OK, honesty required: I had no clue what to write for this post. Lisa the Martyr read her fellow debutantes’ posts about their so-called hardships when it came to finding agents or selling their books — pleeeease! I’m the novelist swamp thing who dragged myself out of the publishing trenches and lived to tell the tale over a decade later. <pity party here>
Talk about needing to get a grip. Comparing my journey to my fellow debutantes’ journeys — and, worse still, finding myself the loser — was ridiculous. We all have different life circumstances. The truth is, I persisted despite two major bouts of depression, three literary-agent sob stories, and dire financial repercussions from the danged economic downturn. I know plenty of writers who have quit for less.
I’m the friggin’ poster child for persistence!!! (I just stole some of Lori’s exclamation points. See Monday’s post.)
And the truth of the matter is that it didn’t actually take me that long to find each of my agents. Each time, within a year. One time, within weeks. So what happened? Do I have phenomenally bad luck? Maybe so. Luck is a fickle mistress. We can never know which way she will go, which is another reason not to compare our journeys against anyone else’s.
I’ll tell you the story about how I lost my first agent, who worked at a New York City Prestigious Boutique Agency (PBA). The reason I relate this particular anecdote out of the oodles of possibilities is because our topic this week relates to “the call.” This was a call all right, but the anti-call, the sucking maw of a call that left me going, “Huh? What just happened?”

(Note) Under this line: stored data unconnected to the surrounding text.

(* Let $p\geq r\geq2$ and let $A$ be a symmetric nonnegative $r$-matrix of order $n$. If $\mathbf{x}=(x_1,\ldots,x_n)$ is a positive vector with $|\mathbf{x}|_p=1$ satisfying \[ \lambda x_k^{p-1}=\frac1r\frac{\partial P_A(\mathbf{x})}{\partial x_k},\qquad k=1,\ldots,n, \] for some real $\lambda$, then $\lambda=\lambda^{(p)}(A)$.
   Context: A cubical $r$-matrix of order $n$ is a function $A$ on $[n]^r$ with entries $a_{i_1,\ldots,i_r}$; symmetric means invariant under permutations of indices. $P_A(\mathbf{x})=\sum a_{i_1,\ldots,i_r}x_{i_1}\cdots x_{i_r}$ and $\lambda^{(p)}(A)=\max\{P_A(\mathbf{x}):\mathbf{x}\in\mathbb{R}^n,\ |\mathbf{x}|_p=1\}$. *)

theory Defs
  imports "HOL-Analysis.Analysis" "HOL-Library.Multiset"
begin

text \<open>A cubical r-matrix of order n is a function on index lists of length r with
entries in {0..<n}; vectors of R^n are functions nat => real supported on {..<n}.\<close>

definition idx :: "nat \<Rightarrow> nat \<Rightarrow> nat list set" where
  "idx r n = {is. length is = r \<and> set is \<subseteq> {..<n}}"

definition symmetric_rmatrix :: "nat \<Rightarrow> nat \<Rightarrow> (nat list \<Rightarrow> real) \<Rightarrow> bool" where
  "symmetric_rmatrix r n A \<longleftrightarrow>
     (\<forall>is\<in>idx r n. \<forall>js. mset js = mset is \<longrightarrow> A js = A is)"

definition nonneg_rmatrix :: "nat \<Rightarrow> nat \<Rightarrow> (nat list \<Rightarrow> real) \<Rightarrow> bool" where
  "nonneg_rmatrix r n A \<longleftrightarrow> (\<forall>is\<in>idx r n. A is \<ge> 0)"

definition PA :: "nat \<Rightarrow> nat \<Rightarrow> (nat list \<Rightarrow> real) \<Rightarrow> (nat \<Rightarrow> real) \<Rightarrow> real" where
  "PA r n A x = (\<Sum>is\<in>idx r n. A is * (\<Prod>j<r. x (is ! j)))"

definition pnorm :: "real \<Rightarrow> nat \<Rightarrow> (nat \<Rightarrow> real) \<Rightarrow> real" where
  "pnorm p n x = (\<Sum>i<n. \<bar>x i\<bar> powr p) powr (1 / p)"

definition lambda_p :: "real \<Rightarrow> nat \<Rightarrow> nat \<Rightarrow> (nat list \<Rightarrow> real) \<Rightarrow> real" where
  "lambda_p p r n A =
     (SUP x\<in>{x. (\<forall>i\<ge>n. x i = 0) \<and> pnorm p n x = 1}. PA r n A x)"

end

theory Submission imports Defs begin

text \<open>Multiplying the eigen-equation by \<open>x\<^sub>k\<close> and summing over \<open>k\<close>, Euler's identity for
the homogeneous form \<open>P\<^sub>A\<close> gives \<open>\<lambda> = P\<^sub>A(x)\<close>. For \<open>y\<close> on the unit \<open>p\<close>-sphere put
\<open>u\<^sub>k = |y\<^sub>k|/x\<^sub>k\<close>. AM-GM bounds each monomial \<open>y\<^sub>i\<^sub>1\<cdots>y\<^sub>i\<^sub>r\<close> by
\<open>x\<^sub>i\<^sub>1\<cdots>x\<^sub>i\<^sub>r (u\<^sub>i\<^sub>1\<^sup>r + \<dots> + u\<^sub>i\<^sub>r\<^sup>r)/r\<close>, and a weighted Euler identity plus the
eigen-equation turn the resulting bound into \<open>\<lambda> \<Sum>\<^sub>k u\<^sub>k\<^sup>r x\<^sub>k\<^sup>p\<close>. Since \<open>r \<le> p\<close>, Young's
inequality gives \<open>u\<^sub>k\<^sup>r x\<^sub>k\<^sup>p \<le> (r/p)|y\<^sub>k|\<^sup>p + (1 - r/p) x\<^sub>k\<^sup>p\<close>, whence \<open>P\<^sub>A(y) \<le> \<lambda>\<close>.\<close>

lemma prod_le_sum_power_div:
  fixes u :: "nat \<Rightarrow> real"
  assumes "r \<ge> 1" "\<And>j. j < r \<Longrightarrow> u j \<ge> 0"
  shows "(\<Prod>j<r. u j) \<le> (\<Sum>j<r. u j ^ r) / r"
proof -
  have "(\<Prod>j<r. u j ^ r) powr (1 / card {..<r}) \<le> (\<Sum>j<r. u j ^ r / card {..<r})"
    using assms by (intro arith_geom_mean) (auto simp: lessThan_empty_iff)
  moreover have "(\<Prod>j<r. u j ^ r) = (\<Prod>j<r. u j) ^ r" by (simp add: prod_power_distrib)
  moreover have nonneg: "(\<Prod>j<r. u j) \<ge> 0" using assms by (auto intro: prod_nonneg)
  moreover have "((\<Prod>j<r. u j) ^ r) powr (1 / r) = (\<Prod>j<r. u j)"
  proof (cases "(\<Prod>j<r. u j) = 0")
    case True then show ?thesis using assms by (simp only: True) simp
  next
    case False
    then have "(\<Prod>j<r. u j) > 0" using nonneg by linarith
    then show ?thesis using assms by (simp add: powr_realpow[symmetric] powr_powr)
  qed
  ultimately show ?thesis by (simp add: sum_divide_distrib)
qed

lemma Youngs_inequality_power_ratio:
  fixes a b p :: real and r :: nat
  assumes "a \<ge> 0" "b > 0" "r \<ge> 1" "real r \<le> p"
  shows "(a / b) ^ r * b powr p \<le> (r / p) * a powr p + (1 - r / p) * b powr p"
proof (cases "a = 0")
  case True
  then show ?thesis using assms by (simp add: zero_power)
next
  case False
  then have a: "a > 0" using assms by simp
  have p: "p > 0" using assms by simp
  have "(a / b) ^ r * b powr p = a powr r * b powr (p - r)"
    using a assms by (simp add: powr_realpow[symmetric] powr_divide powr_diff)
  also have "\<dots> = (a powr p) powr (r / p) * (b powr p) powr (1 - r / p)"
    using p by (simp add: powr_powr algebra_simps)
  also have "\<dots> \<le> (r / p) * a powr p + (1 - r / p) * b powr p"
    using a assms p by (intro Youngs_inequality_0) auto
  finally show ?thesis .
qed

lemma pnorm_eq_1_imp_sum_powr:
  assumes "p > 0" "pnorm p n y = 1"
  shows "(\<Sum>i<n. \<bar>y i\<bar> powr p) = 1"
proof -
  let ?s = "\<Sum>i<n. \<bar>y i\<bar> powr p"
  have s: "?s powr (1 / p) = 1" using assms(2) by (simp add: pnorm_def)
  then have "?s \<noteq> 0" by auto
  moreover have "?s \<ge> 0" by (auto intro: sum_nonneg)
  ultimately have "?s = (?s powr (1 / p)) powr p" using assms(1) by (simp add: powr_powr)
  with s show ?thesis by simp
qed

lemma idx_nth_less: "is \<in> idx r n \<Longrightarrow> j < r \<Longrightarrow> is ! j < n"
  by (auto simp: idx_def dest: nth_mem)

lemma PA_nonneg:
  assumes "nonneg_rmatrix r n A" "\<forall>i<n. x i \<ge> 0"
  shows "PA r n A x \<ge> 0"
  unfolding PA_def using assms idx_nth_less
  by (intro sum_nonneg mult_nonneg_nonneg prod_nonneg) (auto simp: nonneg_rmatrix_def)

lemma has_field_derivative_PA_coordinate:
  "((\<lambda>t. PA r n A (x(k := t))) has_field_derivative
     (\<Sum>is\<in>idx r n. A is * (\<Sum>j<r. (if is ! j = k then 1 else 0) *
        (\<Prod>l\<in>{..<r}-{j}. x (is ! l))))) (at (x k))"
  unfolding PA_def
proof (intro DERIV_sum DERIV_cmult)
  fix "is"
  have "((\<lambda>t. \<Prod>l<r. (x(k := t)) (is ! l)) has_field_derivative
      (\<Sum>j<r. (if is ! j = k then 1 else 0) * (\<Prod>l\<in>{..<r}-{j}. (x(k := x k)) (is ! l)))) (at (x k))"
  proof (rule has_field_derivative_prod)
    fix j
    show "((\<lambda>t. (x(k := t)) (is ! j)) has_field_derivative (if is ! j = k then 1 else 0)) (at (x k))"
      by (cases "is ! j = k") (auto intro!: derivative_eq_intros)
  qed
  then show "((\<lambda>t. \<Prod>l<r. (x(k := t)) (is ! l)) has_field_derivative
      (\<Sum>j<r. (if is ! j = k then 1 else 0) * (\<Prod>l\<in>{..<r}-{j}. x (is ! l)))) (at (x k))"
    by simp
qed

lemma coordinate_times_partial_PA:
  "x k * deriv (\<lambda>t. PA r n A (x(k := t))) (x k)
     = (\<Sum>is\<in>idx r n. A is * (\<Prod>l<r. x (is ! l)) * (\<Sum>j<r. if is ! j = k then 1 else 0))"
proof -
  have "x k * (A is * (\<Sum>j<r. (if is ! j = k then 1 else 0) * (\<Prod>l\<in>{..<r}-{j}. x (is ! l))))
          = A is * (\<Prod>l<r. x (is ! l)) * (\<Sum>j<r. if is ! j = k then 1 else 0)" for "is"
    by (auto simp: sum_distrib_left prod.remove[of "{..<r}"] mult_ac intro!: sum.cong)
  then show ?thesis
    by (simp add: DERIV_imp_deriv[OF has_field_derivative_PA_coordinate] sum_distrib_left)
qed

lemma sum_weighted_occurrences:
  fixes g :: "nat \<Rightarrow> real"
  assumes "is \<in> idx r n"
  shows "(\<Sum>k<n. g k * (\<Sum>j<r. if is ! j = k then 1 else 0)) = (\<Sum>j<r. g (is ! j))"
proof -
  have "(\<Sum>k<n. g k * (\<Sum>j<r. if is ! j = k then 1 else 0))
          = (\<Sum>k<n. \<Sum>j<r. if is ! j = k then g k else 0)"
    by (intro sum.cong refl) (simp add: sum_distrib_left if_distrib[of "\<lambda>t. g _ * t"] cong: if_cong)
  also have "\<dots> = (\<Sum>j<r. \<Sum>k<n. if is ! j = k then g k else 0)"
    by (rule sum.swap)
  also have "\<dots> = (\<Sum>j<r. g (is ! j))"
    using idx_nth_less[OF assms] by simp
  finally show ?thesis .
qed

text \<open>For \<open>g = 1\<close> this is Euler's identity \<open>\<Sum>\<^sub>k x\<^sub>k \<partial>\<^sub>kP\<^sub>A(x) = r P\<^sub>A(x)\<close>.\<close>

lemma sum_weighted_coordinate_times_partial_PA:
  "(\<Sum>k<n. g k * (x k * deriv (\<lambda>t. PA r n A (x(k := t))) (x k)))
     = (\<Sum>is\<in>idx r n. A is * (\<Prod>l<r. x (is ! l)) * (\<Sum>j<r. g (is ! j)))"
proof -
  have "(\<Sum>k<n. g k * (x k * deriv (\<lambda>t. PA r n A (x(k := t))) (x k)))
          = (\<Sum>is\<in>idx r n. A is * (\<Prod>l<r. x (is ! l))
               * (\<Sum>k<n. g k * (\<Sum>j<r. if is ! j = k then 1 else 0)))"
    unfolding coordinate_times_partial_PA
    by (simp add: sum_distrib_left mult_ac) (rule sum.swap)
  then show ?thesis by (simp add: sum_weighted_occurrences)
qed

lemma eigen_equation_times_coordinate:
  assumes "x k > 0" "r > 0"
    and "lam * x k powr (p - 1) = (1 / real r) * deriv (\<lambda>t. PA r n A (x(k := t))) (x k)"
  shows "lam * x k powr p = x k * deriv (\<lambda>t. PA r n A (x(k := t))) (x k) / r"
proof -
  have "lam * x k powr p = x k * (lam * x k powr (p - 1))"
    using assms(1) by (simp add: powr_mult_base mult.left_commute)
  with assms(3) show ?thesis by simp
qed

lemma eigenvalue_eq_PA:
  assumes "r \<ge> 1" "\<forall>i<n. x i > 0" "(\<Sum>i<n. x i powr p) = 1"
    and "\<forall>k<n. lam * x k powr (p - 1)
                = (1 / real r) * deriv (\<lambda>t. PA r n A (x(k := t))) (x k)"
  shows "lam = PA r n A x"
proof -
  have "lam = (\<Sum>k<n. lam * x k powr p)"
    using assms(3) by (simp add: sum_distrib_left[symmetric])
  also have "\<dots> = (\<Sum>k<n. 1 * (x k * deriv (\<lambda>t. PA r n A (x(k := t))) (x k))) / r"
    using assms by (auto simp: sum_divide_distrib intro!: sum.cong eigen_equation_times_coordinate)
  also have "\<dots> = PA r n A x"
    using assms(1) by (simp only: sum_weighted_coordinate_times_partial_PA) (simp add: PA_def sum_divide_distrib)
  finally show ?thesis .
qed

lemma PA_le_eigenvalue:
  assumes "r \<ge> 1" "real r \<le> p" "nonneg_rmatrix r n A"
    and x_pos: "\<forall>i<n. x i > 0" and x_sphere: "(\<Sum>i<n. x i powr p) = 1"
    and eigen: "\<forall>k<n. lam * x k powr (p - 1)
                = (1 / real r) * deriv (\<lambda>t. PA r n A (x(k := t))) (x k)"
    and y_sphere: "(\<Sum>i<n. \<bar>y i\<bar> powr p) = 1"
  shows "PA r n A y \<le> lam"
proof -
  define u where "u k = \<bar>y k\<bar> / x k" for k
  define dP where "dP k = deriv (\<lambda>t. PA r n A (x(k := t))) (x k)" for k
  have lam_nonneg: "lam \<ge> 0"
    using eigenvalue_eq_PA[OF assms(1) x_pos x_sphere eigen] PA_nonneg[OF assms(3)] x_pos
    by (simp add: less_imp_le)
  have "A is * (\<Prod>j<r. y (is ! j)) \<le> A is * (\<Prod>l<r. x (is ! l)) * (\<Sum>j<r. u (is ! j) ^ r) / r"
    if "is": "is \<in> idx r n" for "is"
  proof -
    have "(\<Prod>j<r. y (is ! j)) \<le> (\<Prod>j<r. \<bar>y (is ! j)\<bar>)"
      by (metis abs_ge_self abs_prod)
    also have "\<dots> = (\<Prod>l<r. x (is ! l)) * (\<Prod>j<r. u (is ! j))"
      unfolding u_def prod.distrib[symmetric]
      using idx_nth_less[OF "is"] x_pos by (intro prod.cong) force+
    also have "\<dots> \<le> (\<Prod>l<r. x (is ! l)) * ((\<Sum>j<r. u (is ! j) ^ r) / r)"
      using assms(1) x_pos idx_nth_less[OF "is"]
      by (intro mult_left_mono prod_le_sum_power_div prod_nonneg) (auto simp: u_def less_imp_le)
    finally have "(\<Prod>j<r. y (is ! j)) \<le> (\<Prod>l<r. x (is ! l)) * ((\<Sum>j<r. u (is ! j) ^ r) / r)" .
    moreover have "A is \<ge> 0" using "is" assms(3) by (simp add: nonneg_rmatrix_def)
    ultimately show ?thesis by (metis mult_left_mono mult.assoc times_divide_eq_right)
  qed
  then have "PA r n A y \<le> (\<Sum>is\<in>idx r n. A is * (\<Prod>l<r. x (is ! l)) * (\<Sum>j<r. u (is ! j) ^ r)) / r"
    unfolding PA_def sum_divide_distrib by (rule sum_mono)
  also have "\<dots> = (\<Sum>k<n. u k ^ r * (x k * dP k)) / r"
    by (simp only: dP_def sum_weighted_coordinate_times_partial_PA)
  also have "\<dots> = (\<Sum>k<n. u k ^ r * (lam * x k powr p))"
    using eigen_equation_times_coordinate[OF _ _ eigen[rule_format]] x_pos assms(1)
    unfolding dP_def sum_divide_distrib by (intro sum.cong refl) simp
  also have "\<dots> = lam * (\<Sum>k<n. (\<bar>y k\<bar> / x k) ^ r * x k powr p)"
    by (simp add: sum_distrib_left u_def mult_ac)
  also have "\<dots> \<le> lam * (\<Sum>k<n. (r / p) * \<bar>y k\<bar> powr p + (1 - r / p) * x k powr p)"
    using lam_nonneg x_pos assms(1,2)
    by (intro mult_left_mono sum_mono Youngs_inequality_power_ratio) auto
  also have "\<dots> = lam"
    by (simp add: sum.distrib sum_distrib_left[symmetric] y_sphere x_sphere flip: sum_divide_distrib)
  finally show ?thesis .
qed

theorem proposition13:
  fixes p :: real and r n :: nat and A :: "nat list \<Rightarrow> real"
    and x :: "nat \<Rightarrow> real" and lam :: real
  assumes "2 \<le> r" and "real r \<le> p"
    and "symmetric_rmatrix r n A" and "nonneg_rmatrix r n A"
    and "\<forall>i<n. x i > 0" and "\<forall>i\<ge>n. x i = 0"
    and "pnorm p n x = 1"
    and "\<forall>k<n. lam * x k powr (p - 1)
                = (1 / real r) * deriv (\<lambda>t. PA r n A (x(k := t))) (x k)"
  shows "lam = lambda_p p r n A"
proof -
  have r: "r \<ge> 1" and p: "p > 0" using assms(1,2) by auto
  have "(\<Sum>i<n. x i powr p) = (\<Sum>i<n. \<bar>x i\<bar> powr p)"
    using assms(5) by (intro sum.cong) auto
  then have x_sphere: "(\<Sum>i<n. x i powr p) = 1"
    using pnorm_eq_1_imp_sum_powr[OF p assms(7)] by simp
  have "lam \<in> PA r n A ` {x. (\<forall>i\<ge>n. x i = 0) \<and> pnorm p n x = 1}"
    using eigenvalue_eq_PA[OF r assms(5) x_sphere assms(8)] assms(6,7) by auto
  moreover have "z \<le> lam" if "z \<in> PA r n A ` {x. (\<forall>i\<ge>n. x i = 0) \<and> pnorm p n x = 1}" for z
    using that PA_le_eigenvalue[OF r assms(2,4,5) x_sphere assms(8)] pnorm_eq_1_imp_sum_powr[OF p]
    by auto
  ultimately show ?thesis
    unfolding lambda_p_def by (intro cSup_eq_maximum[symmetric])
qed

end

I was the caller, calling my PBA agent because I hadn’t heard from her in awhile and I had a question. I got the switchboard as usual. Press 1 for A, press 2 for B … Press 10 for J … Wait a second. Her name was no longer listed on the switchboard, so … Nah, this had to be some kind of oversight, that was all.
I dialed zero and spoke to one of the other agents. My agent had apparently flown the coop never to be seen again in the land of publishing. To be a stay-at-home mom. I’m all for stay-at-home moms, but that pissed me off. Really? And you couldn’t have given me a heads up?
Worse still, come to find out that the agent I was talking to had inherited me, and he wasn’t too thrilled about it either. You can see where that relationship went. Nowhere.
My first sob story occurred toward the end of 2008, just in time for my writing grant money to run out and the economic downturn to peak. This was one of the many times I almost quit fiction. In fact, I did quit KILMOON for awhile. While in my prolonged funkitude, I wrote a novel that will never see the light of day. The dreaded “autobiograpical” novel, which was perfect for my state of mind and kept me writing and was probably the best thing for me at the time. I used to discuss it during my therapy sessions.
That all seems like a bumpy lifetime ago, and I’ll let you in on a secret: I’m proud of myself. I really am. I’m here to tell you that if I can get published, so can you. After all, even the swamp thing got his Adrienne Barbeau in the end.
So, readers, tell me about a time you felt like a swamp thing but prevailed anyhow.